How your phone, gadgets could be giving you sleepless nights
Excessive exposure to light at night, usually due to binge-watching on devices, is the leading cause of sleep disturbances
New Delhi,UPDATED: December 11, 2022 5:00 PM IST
Uninterrupted sleep is essential for good health; (Photo: Getty Images | Klaus Vedfelt)
Have you ever felt lethargic and dull after a night of web series binge? Or do bright street lights keep you awake despite a long day at work? Experts will say it’s the light that prevents you from sleeping well. As city streets are flooded with lights and equipment left on throughout the night, people are getting less than healthy amounts of sleep.
“Artificial light affects the quality of sleep and, in the long term, general health. This is a problem of modern life,” says Dr Niket Kasar, director and consultant psychiatrist at Pune’s Mind Aid Psychometry Lab, and president of the Indian Psychiatric Society, Pune. Light, he explains, is the key regulator of the brain’s biological sleep cycle. “We have a suprachiasmatic nucleus in the brain, which regulates most circadian rhythms in the body. It regulates sleep rhythm and the sleep-wake cycle. Light regulates this suprachiasmatic nucleus.”

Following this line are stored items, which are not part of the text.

(* For any $0<p<\frac{1}{2}$ and any confidence threshold $0<\delta<\frac{1}{2}$, there exists an adaptive Las Vegas noisy binary search algorithm for any linear order such that, when the target is drawn from a probability distribution $\mu$ that is given to the algorithm as input, after an expected number of $$\frac{1}{I(p)}\left(H(\mu)+\mathcal{O}(H_2(\mu))+\mathcal{O}(\log\delta^{-1})\right)$$ queries it returns the target correctly with probability at least $1-\delta$.
   Context: Noisy binary search model: the search space is a linear order $\{1,\dots,n\}$ containing an unknown target $v^*$. In each step the algorithm chooses an element $q$ and asks a comparison query, whose correct answer is "$<$" if $v^*<q$ and "$>$" otherwise. Each answer is, independently, incorrect (the opposite answer) with probability $p$ and correct with probability $1-p$. The algorithm is adaptive; in the Las Vegas setting the number of queries is random and the bound is on its expectation (over $\mu$ and the noise). $H(\mu)=\sum_x\mu(x)\log_2\frac{1}{\mu(x)}$, $H_2(\mu)=\sum_x\mu(x)\log_2\log_2\frac{1}{\mu(x)}$, $H(p)=-p\log_2 p-(1-p)\log_2(1-p)$ and $I(p)=1-H(p)$. *)

theory Defs
  imports Complex_Main "HOL-Library.Extended_Nonnegative_Real"
begin

text \<open>An adaptive (deterministic) search strategy, for a fixed instance, maps the
history of received answers to the next action: ask a comparison query at an
element q, or stop and return an element x.  An answer True means "<"
(i.e. the target is smaller than q), False means ">".\<close>

datatype action = Ask nat | Answer nat

definition is_Ask :: "action \<Rightarrow> bool" where
  "is_Ask a = (case a of Ask _ \<Rightarrow> True | Answer _ \<Rightarrow> False)"
lemma degree_le_maxdeg: "\<forall>e\<in>set es. card e = 2 \<Longrightarrow> w \<in> \<Union> (set es) \<Longrightarrow> degree es w \<le> maxdeg es"
  unfolding maxdeg_def using finite_vertices by (intro Max_ge) auto

definition colours_at :: "'a set list \<Rightarrow> 'a colouring \<Rightarrow> 'a set \<Rightarrow> 'a \<Rightarrow> nat set" where
  "colours_at es \<Phi> e w = {c. \<exists>f\<in>set es. f \<noteq> e \<and> w \<in> f \<and> \<Phi> f = Some c}"

lemma finite_colours_at: "finite (colours_at es \<Phi> e w)"
proof (rule finite_subset)
  show "colours_at es \<Phi> e w \<subseteq> (\<lambda>f. the (\<Phi> f)) ` set es" unfolding colours_at_def by force
qed simp

lemma card_colours_at_le:
  assumes "\<forall>e\<in>set es. card e = 2" "e \<in> set es" "w \<in> e"
  shows "card (colours_at es \<Phi> e w) \<le> maxdeg es - 1"
proof -
  let ?S = "{f \<in> set es. w \<in> f} - {e}"
  have "colours_at es \<Phi> e w \<subseteq> (\<lambda>f. the (\<Phi> f)) ` ?S"
    unfolding colours_at_def by force
  then have "card (colours_at es \<Phi> e w) \<le> card ((\<lambda>f. the (\<Phi> f)) ` ?S)"
    by (rule card_mono[rotated]) simp
  also have "\<dots> \<le> card ?S" by (rule card_image_le) simp
  also have "\<dots> = degree es w - 1" unfolding degree_def using assms(2,3) by simp
  also have "\<dots> \<le> maxdeg es - 1"
    using degree_le_maxdeg[OF assms(1), of w] assms(2,3) by (meson UnionI diff_le_mono)
  finally show ?thesis .
qed
(* Let $G$ be a distance-regular graph of diameter $3$ with intersection numbers satisfying $a_1=c_2$, which is a strongly Deza graph, and let $G'$ be a graph cospectral with $G$. If $G'$ is a Deza graph, then $G'$ is a strongly Deza graph and one of the following holds: (i) $G'$ is distance-regular with the same intersection numbers as $G$; (ii) the Deza parameters $(b,a)$ of $G'$ differ from those of $G$ (which are $(c_2,0)$).
   Context: All graphs are finite, simple and undirected; eigenvalues of a graph are those of its adjacency matrix; two graphs are cospectral if their adjacency matrices have the same multiset of eigenvalues. A Deza graph with parameters $(n,k,b,a)$, where $b\geqslant a$, is a $k$-regular graph on $n$ vertices, which is neither complete nor edgeless, such that any two distinct vertices have exactly $b$ or exactly $a$ common neighbours. If $b>a$, the children $G_A$ and $G_B$ of $G$ are the graphs on the vertex set of $G$ in which two distinct vertices are adjacent if and only if they have exactly $a$ (for $G_A$), respectively exactly $b$ (for $G_B$), common neighbours in $G$; if $b=a$, $G_A$ is the complete graph and $G_B$ is the edgeless graph. A strongly regular graph with parameters $(n,k,\lambda,\mu)$ is a $k$-regular graph on $n$ vertices, neither complete nor edgeless, in which any two adjacent vertices have exactly $\lambda$ common neighbours and any two distinct non-adjacent vertices have exactly $\mu$ common neighbours (disconnected examples, i.e. disjoint unions of at least two cliques of equal size, are allowed). A strongly Deza graph is a Deza graph both of whose children are strongly regular graphs. A connected graph $G=(V,E)$ of diameter $d$ is distance-regular if there are numbers $a_i,b_i,c_i$ ($0\leqslant i\leqslant d$), its intersection numbers, such that for all $x,y\in V$ at distance $i$, the vertex $y$ has exactly $b_i$ neighbours at distance $i+1$ from $x$, $a_i$ neighbours at distance $i$ from $x$, and $c_i$ neighbours at distance $i-1$ from $x$. A distance-regular graph of diameter $3$ with $a_1=c_2$ is a Deza graph with parameters $(n,k,c_2,0)$. *)

theory Defs
  imports "Jordan_Normal_Form.Char_Poly" "HOL-Library.Multiset"
begin

definition simple_graph :: "nat \<Rightarrow> (nat \<Rightarrow> nat \<Rightarrow> bool) \<Rightarrow> bool" where
  "simple_graph n E \<longleftrightarrow> (\<forall>x y. E x y \<longrightarrow> x < n \<and> y < n \<and> E y x \<and> x \<noteq> y)"

definition adj_matrix :: "nat \<Rightarrow> (nat \<Rightarrow> nat \<Rightarrow> bool) \<Rightarrow> complex mat" where
  "adj_matrix n E = mat n n (\<lambda>(i, j). if E i j then 1 else 0)"

definition eigenvalue_mset :: "complex mat \<Rightarrow> complex multiset" where
  "eigenvalue_mset A = Abs_multiset (\<lambda>x. order x (char_poly A))"

definition cospectral :: "nat \<Rightarrow> (nat \<Rightarrow> nat \<Rightarrow> bool) \<Rightarrow> nat \<Rightarrow> (nat \<Rightarrow> nat \<Rightarrow> bool) \<Rightarrow> bool" where
  "cospectral n E n' E' \<longleftrightarrow>
     eigenvalue_mset (adj_matrix n E) = eigenvalue_mset (adj_matrix n' E')"

definition common_nbrs :: "nat \<Rightarrow> (nat \<Rightarrow> nat \<Rightarrow> bool) \<Rightarrow> nat \<Rightarrow> nat \<Rightarrow> nat" where
  "common_nbrs n E x y = card {z. z < n \<and> E x z \<and> E y z}"

definition regular :: "nat \<Rightarrow> (nat \<Rightarrow> nat \<Rightarrow> bool) \<Rightarrow> nat \<Rightarrow> bool" where
  "regular n E k \<longleftrightarrow> (\<forall>x<n. card {y. y < n \<and> E x y} = k)"
(* Let $X=(\mathbb C^\times)^3$ with coordinates $x=(x_{22},x_{11},x_{21})$. For $c\in\mathbb C^\times$ put $c_2=\dfrac{c\,x_{21}x_{22}+x_{11}^2}{x_{21}x_{22}+x_{11}^2}$ and define $$e_0^c(x)=\Big(\tfrac{c_2}{c}x_{22},\ \tfrac{x_{11}}{c},\ \tfrac{x_{21}}{c_2}\Big),\quad e_1^c(x)=(x_{22},\,c\,x_{11},\,x_{21}),\quad e_2^c(x)=\Big(c_2x_{22},\ x_{11},\ \tfrac{c}{c_2}x_{21}\Big),$$ $$\varepsilon_0(x)=x_{21}+\frac{x_{11}^2}{x_{22}},\quad \varepsilon_1(x)=\frac{x_{22}}{x_{11}},\quad \varepsilon_2(x)=\frac{x_{21}x_{22}+x_{11}^2}{x_{22}^2x_{21}},$$ $$\gamma_0(x)=\frac1{x_{11}^2},\quad \gamma_1(x)=\frac{x_{11}^2}{x_{21}x_{22}},\quad \gamma_2(x)=\frac{x_{21}^2x_{22}^2}{x_{11}^2}.$$ Then $(X,\{e_i\}_{i=0,1,2},\{\gamma_i\}_{i=0,1,2},\{\varepsilon_i\}_{i=0,1,2})$ is a positive geometric crystal for the affine Lie algebra $C_2^{(1)}$.
   Context: The generalized Cartan matrix $(a_{ij})_{i,j\in\{0,1,2\}}$ of $C_2^{(1)}$ has $a_{ii}=2$, $a_{01}=-1$, $a_{10}=-2$, $a_{12}=-2$, $a_{21}=-1$, $a_{02}=a_{20}=0$. A geometric crystal for an affine Lie algebra with index set $I$ and Cartan matrix $(a_{ij})$ is a quadruple $(X,\{e_i\},\{\gamma_i\},\{\varepsilon_i\})$ where $X$ is an (ind-)variety, $e_i:\mathbb C^\times\times X\to X$, $(c,x)\mapsto e_i^c(x)$, are rational $\mathbb C^\times$-actions, and $\gamma_i,\varepsilon_i:X\to\mathbb C$ are rational functions such that: (1) $\{1\}\times X\cap\mathrm{dom}(e_i)$ is open dense in $\{1\}\times X$; (2) $\gamma_j(e_i^c(x))=c^{a_{ij}}\gamma_j(x)$; (3) $\varepsilon_i(e_i^c(x))=c^{-1}\varepsilon_i(x)$, and $\varepsilon_i(e_j^c(x))=\varepsilon_i(x)$ if $a_{ij}=a_{ji}=0$; (4) $e_i^{c_1}e_j^{c_2}=e_j^{c_2}e_i^{c_1}$ if $a_{ij}=a_{ji}=0$; $e_i^{c_1}e_j^{c_1c_2}e_i^{c_2}=e_j^{c_2}e_i^{c_1c_2}e_j^{c_1}$ if $a_{ij}=a_{ji}=-1$; $e_i^{c_1}e_j^{c_1^2c_2}e_i^{c_1c_2}e_j^{c_2}=e_j^{c_2}e_i^{c_1c_2}e_j^{c_1^2c_2}e_i^{c_1}$ if $a_{ij}=-2,a_{ji}=-1$; and the analogous length-six relation if $a_{ij}=-3,a_{ji}=-1$. It is positive if all the maps $e_i^c$ (coordinatewise), $\varepsilon_i$, $\gamma_i$ are given by ratios of polynomials (in the coordinates and $c$) with positive coefficients. *)

theory Defs
  imports "HOL-Analysis.Analysis"
begin

definition cartanC21 :: "nat \<Rightarrow> nat \<Rightarrow> int" where
  "cartanC21 i j =
     (if i = j then 2
      else if (i, j) = (0, 1) then -1
      else if (i, j) = (1, 0) then -2
      else if (i, j) = (1, 2) then -2
      else if (i, j) = (2, 1) then -1
      else 0)"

Here are some ways to get your restful sleep back:
Turn it off: Light is the main culprit for sleep loss. “When exposed to light, the rapid eye movement (REM) phase of our sleep cycle or slow wave sleep decreases,” says Dr Kasar. With the quality of sleep affected, people tend to wake up feeling lethargic, dull or unwell. “We experience cognitive rejection and an inability to think or remember when REM sleep or slow wave sleep is disturbed. And light is a big cause,” he says.
Sleep well to stay healthy: Beauty experts say insufficient sleep will lead to dark circles and bags under the eyes. But the benefits of sleep extend beyond cosmetic uses. “We have physiological processes going on in our body during sleep. Insufficient sleep increases insulin resistance, which leads to an increase in sugar levels and then diabetes. Similarly, in people who do not sleep, the heart rate increases from the average 60-70 heartbeats per minute. Sleep also affects the autonomic nervous system, which can then affect digestion and other body functions,” says Dr Kasar.
Close the gadgets: The human brain holds a pea-sized gland called the pineal gland, which produces melatonin, also called the ‘sleep hormone’. The pineal gland receives information about the light-dark cycle of the environment and produces melatonin. The light emitted by devices affects melatonin production. “Melatonin is the most important hormone for sleep. Its production begins in the evening and reaches its peak at 03:00. It helps us fall asleep and maintain sleep. The blue light coming from screens reduces the production of melatonin. To avoid this, we need to switch off three to four hours before bedtime,” says Dr Kasar.
Give web series a miss: The lockdown and work-from-home arrangements have seen several people come to a sleep therapist’s office with complaints. “There has been a huge increase in cases of disturbed sleep or even the sleep cycle being reversed,” says Dr Kasar. Binge-watching OTT programs or browsing smartphones for news and social media updates led to poor quality sleep.
Identify and treat early: Watch for signs of insufficient sleep and seek professional help. Doctors recommend a sleep hygiene program, which includes lifestyle change, medication, and motivation-based behavior change.